- Theatrical release poster
- Directed by: Mike Mitchell
- Written by: Paul Hernandez; Bob Schooley; Mark McCorkle;
- Produced by: Andrew Gunn
- Starring: Kelly Preston; Michael Angarano; Danielle Panabaker; Mary Elizabeth Winstead; Kurt Russell;
- Cinematography: Shelly Johnson
- Edited by: Peter Amundson
- Music by: Michael Giacchino
- Production companies: Walt Disney Pictures; Gunn Films;
- Distributed by: Buena Vista Pictures Distribution
- Release date: July 29, 2005;
- Running time: 100 minutes
- Country: United States
- Language: English
- Budget: $35 million
- Box office: $86.4 million

= Sky High (2005 film) =

2005 film by Mike Mitchell

Sky High is a 2005 American superhero comedy film directed by Mike Mitchell and written by Paul Hernandez, and Kim Possible creators Bob Schooley and Mark McCorkle. Produced by Walt Disney Pictures, the film stars Kelly Preston, Michael Angarano, Danielle Panabaker, Mary Elizabeth Winstead and Kurt Russell. It follows Will Stronghold (Angarano), the son of two superheroes, who is enrolled in an airborne high school for teenage superheroes. As his dormant superpowers manifest, he struggles to maintain his relationships with his old friends, learns of a threat from a mysterious supervillain, and searches for the girl of his dreams.

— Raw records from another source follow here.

lemma mat_mult_T_mat_mult_orthogonal_right:
  fixes M :: "nat \<Rightarrow> nat \<Rightarrow> 'a::comm_semiring_0"
  assumes M: "\<forall>p<N. \<forall>q<N. mat_mult_T N M M p q = (if p = q then F else 0)"
  shows "mat_mult_T N (mat_mult N A M) (mat_mult N B M) r c = F * mat_mult_T N A B r c"
proof -
  have "mat_mult_T N (mat_mult N A M) (mat_mult N B M) r c
      = (\<Sum>l<N. \<Sum>p<N. \<Sum>q<N. A r p * B c q * (M p l * M q l))"
    unfolding mat_mult_T_def mat_mult_def sum_product by (simp add: mult_ac)
  also have "\<dots> = (\<Sum>p<N. \<Sum>q<N. A r p * B c q * mat_mult_T N M M p q)"
    unfolding mat_mult_T_def sum_distrib_left
    by (subst sum.swap, rule sum.cong[OF refl], rule sum.swap)
  also have "\<dots> = (\<Sum>p<N. \<Sum>q<N. A r p * B c q * (if p = q then F else 0))"
    using M by (intro sum.cong refl) auto
  also have "\<dots> = (\<Sum>p<N. A r p * B c p * F)"
    by (intro sum.cong refl) (simp add: if_distrib cong: if_cong)
  finally show ?thesis by (simp add: mat_mult_T_def sum_distrib_left mult_ac)
qed

lemma of_int_round_zpm:
  fixes y :: real
  assumes "y \<in> {0, 1, -1}"
  shows "of_int (round y) = y"
  using assms round_of_int[of "-1", where 'a = real] by auto

lemma round_zpm:
  fixes y :: real
  assumes "y \<in> {0, 1, -1}"
  shows "round y \<in> {0, 1, -1}"
  using assms round_of_int[of "-1", where 'a = real] by auto

text \<open>The design \<open>W (I\<^sub>n \<otimes> K)\<close>, computed separately on the coefficients of each variable;
  \<^const>\<open>round\<close> reads the \<open>{0,\<plusminus>1}\<close>-valued real entries of \<open>W\<close> as integers.\<close>
definition weighing_kron_design ::
    "nat \<Rightarrow> nat \<Rightarrow> (nat \<Rightarrow> nat \<Rightarrow> real) \<Rightarrow> (nat \<Rightarrow> nat \<Rightarrow> nat \<Rightarrow> int) \<Rightarrow> nat \<Rightarrow> nat \<Rightarrow> nat \<Rightarrow> int"
  where "weighing_kron_design N m W K r c j =
    mat_mult N (\<lambda>r l. round (W r l)) (I_kron m (\<lambda>p q. K p q j)) r c"

lemma od_eval_weighing_kron_design:
  assumes W: "zpm_matrix N W" and r: "r < N"
  shows "od_eval u (weighing_kron_design N m W K) x r c = mat_mult N W (I_kron m (od_eval u K x)) r c"
proof -
  have round_W: "of_int (round (W r l)) = W r l" if "l < N" for l
    using W r that unfolding zpm_matrix_def by (intro of_int_round_zpm) blast
  have "od_eval u (weighing_kron_design N m W K) x r c
      = (\<Sum>j<u. \<Sum>l<N. of_int (round (W r l)) * (of_int (I_kron m (\<lambda>p q. K p q j) l c) * x j))"
    unfolding od_eval_def weighing_kron_design_def mat_mult_def
    by (simp add: sum_distrib_right mult.assoc)
  also have "\<dots> = (\<Sum>l<N. of_int (round (W r l)) * (\<Sum>j<u. of_int (I_kron m (\<lambda>p q. K p q j) l c) * x j))"
    by (simp add: sum.swap[of _ "{..<u}"] sum_distrib_left)
  also have "\<dots> = mat_mult N W (I_kron m (od_eval u K x)) r c"
    unfolding mat_mult_def I_kron_def od_eval_def using round_W by (intro sum.cong) auto
  finally show ?thesis .
qed

lemma od_entry_scale:
  assumes "od_entry u e" and "a \<in> {0, 1, -1}"
  shows "od_entry u (\<lambda>j. a * e j)"
  using assms unfolding od_entry_def by auto

lemma od_entry_weighing_kron_design:
  fixes W :: "nat \<Rightarrow> nat \<Rightarrow> real"
  assumes W: "weighing_matrix (n * m) k W" and k: "0 < k"
    and kron: "zpm_matrix (n * m) (mat_mult (n * m) W (I_kron_J m))"
    and K: "orthogonal_design m u s K"
    and r: "r < n * m" and c: "c < n * m"
  shows "od_entry u (weighing_kron_design (n * m) m W K r c)"
proof (cases "\<exists>l<n * m. l div m = c div m \<and> W r l \<noteq> 0")
  case True
  then obtain l0 where l0: "l0 < n * m" "l0 div m = c div m" "W r l0 \<noteq> 0" by blast
  have "m > 0" using c by (cases m) auto
  then have "od_entry u (K (l0 mod m) (c mod m))"
    using K unfolding orthogonal_design_def by simp
  moreover have "round (W r l0) \<in> {0, 1, -1}"
    using W r l0(1) unfolding weighing_matrix_def zpm_matrix_def by (intro round_zpm) blast
  moreover have "weighing_kron_design (n * m) m W K r c = (\<lambda>j. round (W r l0) * K (l0 mod m) (c mod m) j)"
  proof
    fix j
    let ?g = "\<lambda>l. round (W r l) * I_kron m (\<lambda>p q. K p q j) l c"
    have "?g l = 0" if "l < n * m" "l \<noteq> l0" for l
    proof (cases "l div m = c div m \<and> W r l \<noteq> 0")
      case True
      then show ?thesis
        using weighing_matrix_block_support_unique[OF W k kron r that(1) l0(1)] l0 that(2) by simp
    qed (auto simp: I_kron_def)
    then have "sum ?g {..<n * m} = sum ?g {l0}"
      using l0(1) by (intro sum.mono_neutral_right) auto
    then show "weighing_kron_design (n * m) m W K r c j = round (W r l0) * K (l0 mod m) (c mod m) j"
      using l0(2) by (simp add: weighing_kron_design_def mat_mult_def I_kron_def)
  qed
  ultimately show ?thesis by (simp add: od_entry_scale)
next
  case False
  then have "weighing_kron_design (n * m) m W K r c = (\<lambda>j. 0)"
    unfolding weighing_kron_design_def mat_mult_def I_kron_def by (intro ext sum.neutral) auto
  then show ?thesis by (simp add: od_entry_def)
qed

lemma od_form_scale: "od_form u (\<lambda>j. k * t j) x = real k * od_form u t x"
  by (simp add: od_form_def sum_distrib_left mult_ac)

lemma mat_mult_T_od_eval_weighing_kron_design:
  assumes W1: "zpm_matrix (n * m) W1" and W2: "zpm_matrix (n * m) W2"
    and K: "orthogonal_design m u s K"
    and r: "r < n * m" and c: "c < n * m"
  shows "mat_mult_T (n * m) (od_eval u (weighing_kron_design (n * m) m W1 K) x)
      (od_eval u (weighing_kron_design (n * m) m W2 K) x) r c
    = od_form u s x * mat_mult_T (n * m) W1 W2 r c"
proof -
  let ?E = "od_eval u K x"
  have "\<forall>p<n * m. \<forall>q<n * m. mat_mult_T (n * m) (I_kron m ?E) (I_kron m ?E) p q
      = (if p = q then od_form u s x else 0)"
    using K unfolding orthogonal_design_def by (blast intro: mat_mult_T_I_kron)
  then have "mat_mult_T (n * m) (mat_mult (n * m) W1 (I_kron m ?E)) (mat_mult (n * m) W2 (I_kron m ?E)) r c
      = od_form u s x * mat_mult_T (n * m) W1 W2 r c"
    by (rule mat_mult_T_mat_mult_orthogonal_right)
  then show ?thesis
    unfolding mat_mult_T_def using od_eval_weighing_kron_design W1 W2 r c by simp
qed

lemma orthogonal_design_weighing_kron_design:
  fixes W :: "nat \<Rightarrow> nat \<Rightarrow> real"
  assumes W: "weighing_matrix (n * m) k W" and k: "0 < k"
    and kron: "zpm_matrix (n * m) (mat_mult (n * m) W (I_kron_J m))"
    and K: "orthogonal_design m u s K"
  shows "orthogonal_design (n * m) u (\<lambda>j. k * s j) (weighing_kron_design (n * m) m W K)"
  unfolding orthogonal_design_def
proof (intro conjI allI impI)
  fix r c assume "r < n * m" "c < n * m"
  then show "od_entry u (weighing_kron_design (n * m) m W K r c)"
    by (rule od_entry_weighing_kron_design[OF W k kron K])
next
  fix x r c assume rc: "r < n * m" "c < n * m"
  have "zpm_matrix (n * m) W" using W by (simp add: weighing_matrix_def)
  then show "mat_mult_T (n * m) (od_eval u (weighing_kron_design (n * m) m W K) x)
      (od_eval u (weighing_kron_design (n * m) m W K) x) r c
    = (if r = c then od_form u (\<lambda>j. k * s j) x else 0)"
    using mat_mult_T_od_eval_weighing_kron_design[OF _ _ K rc] W rc
    unfolding weighing_matrix_def by (simp add: od_form_scale mult_ac)
qed

lemma weighing_kron_designs_unbiased:
  assumes W1: "zpm_matrix (n * m) W1" and W2: "zpm_matrix (n * m) W2"
    and W12: "zpm_matrix (n * m) (mat_mult_T (n * m) W1 W2)"
    and K: "orthogonal_design m u s K" and k: "0 < k"
  shows "\<exists>V. zpm_matrix (n * m) V \<and> (\<forall>x. \<forall>r<n * m. \<forall>c<n * m.
    mat_mult_T (n * m) (od_eval u (weighing_kron_design (n * m) m W1 K) x)
      (od_eval u (weighing_kron_design (n * m) m W2 K) x) r c
    = od_form u (\<lambda>j. k * s j) x / sqrt (real (k ^ 2)) * of_int (V r c))"
proof (intro exI[of _ "\<lambda>r c. round (mat_mult_T (n * m) W1 W2 r c)"] conjI allI impI)
  show "zpm_matrix (n * m) (\<lambda>r c. round (mat_mult_T (n * m) W1 W2 r c))"
    using W12 round_zpm unfolding zpm_matrix_def by blast
next
  fix x r c assume rc: "r < n * m" "c < n * m"
  then have "of_int (round (mat_mult_T (n * m) W1 W2 r c)) = mat_mult_T (n * m) W1 W2 r c"
    using W12 unfolding zpm_matrix_def by (intro of_int_round_zpm) blast
  then show "mat_mult_T (n * m) (od_eval u (weighing_kron_design (n * m) m W1 K) x)
      (od_eval u (weighing_kron_design (n * m) m W2 K) x) r c
    = od_form u (\<lambda>j. k * s j) x / sqrt (real (k ^ 2)) * of_int (round (mat_mult_T (n * m) W1 W2 r c))"
    using mat_mult_T_od_eval_weighing_kron_design[OF W1 W2 K rc] k by (simp add: od_form_scale)
qed

theorem proposition4p7:
  fixes n m k f u :: nat
    and W :: "nat \<Rightarrow> nat \<Rightarrow> nat \<Rightarrow> real"
    and K :: "nat \<Rightarrow> nat \<Rightarrow> nat \<Rightarrow> int"
    and s :: "nat \<Rightarrow> nat"
  assumes k_pos: "0 < k"
    and W_weighing: "\<forall>i<f. weighing_matrix (n * m) k (W i)"
    and W_qu: "\<forall>i<f. \<forall>j<f. i \<noteq> j \<longrightarrow> quasi_unbiased (n * m) k (k ^ 2) 1 (W i) (W j)"
    and W_kron: "\<forall>i<f. zpm_matrix (n * m) (mat_mult (n * m) (W i) (I_kron_J m))"
    and K_od: "orthogonal_design m u s K"
  shows "\<exists>D. mutually_unbiased_ODs (n * m) u (\<lambda>j. k * s j) (real (k ^ 2)) f D"
proof
  have W_zpm: "zpm_matrix (n * m) (W i)" if "i < f" for i
    using W_weighing that by (simp add: weighing_matrix_def)
  show "mutually_unbiased_ODs (n * m) u (\<lambda>j. k * s j) (real (k ^ 2)) f
      (\<lambda>i. weighing_kron_design (n * m) m (W i) K)"
    unfolding mutually_unbiased_ODs_def
  proof (intro conjI allI impI)
    fix i assume "i < f"
    then show "orthogonal_design (n * m) u (\<lambda>j. k * s j) (weighing_kron_design (n * m) m (W i) K)"
      using W_weighing W_kron by (simp add: orthogonal_design_weighing_kron_design k_pos K_od)
  next
    fix i j assume ij: "i < f" "j < f" "i \<noteq> j"
    then have "zpm_matrix (n * m) (mat_mult_T (n * m) (W i) (W j))"
      using W_qu unfolding quasi_unbiased_def weighing_matrix_def by simp
    then show "\<exists>V. zpm_matrix (n * m) V \<and> (\<forall>x. \<forall>r<n * m. \<forall>c<n * m.
        mat_mult_T (n * m) (od_eval u (weighing_kron_design (n * m) m (W i) K) x)
          (od_eval u (weighing_kron_design (n * m) m (W j) K) x) r c
        = od_form u (\<lambda>j. k * s j) x / sqrt (real (k ^ 2)) * of_int (V r c))"
      using ij by (intro weighing_kron_designs_unbiased W_zpm K_od k_pos)
  qed (use k_pos in simp)
qed

end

The film was theatrically released by Buena Vista Pictures Distribution on July 29, 2005, and grossed $86.4 million worldwide against a production budget of $35 million. The film received generally positive reviews from critics and audiences during its original theatrical run and has since been recognized as a cult film.

==Plot==

Will Stronghold lives with his superhero parents, Steve Stronghold / The Commander and Josie DeMarco-Stronghold / Jetstream, in Maxville. Will is anxious about attending his parents' alma mater Sky High, a school located on a secret floating campus, because he has not developed any superpowers yet.

On their first day, Will, his best friend Layla Williams, and the other freshmen are harassed by seniors Speed, Lash, and Penny. Will falls for Gwen Grayson, a popular senior and technopath. Will is assigned to the "Hero Support" curriculum and becomes a sidekick due to his lack of powers, prompting Layla to join him in protest of the school's two-track education system.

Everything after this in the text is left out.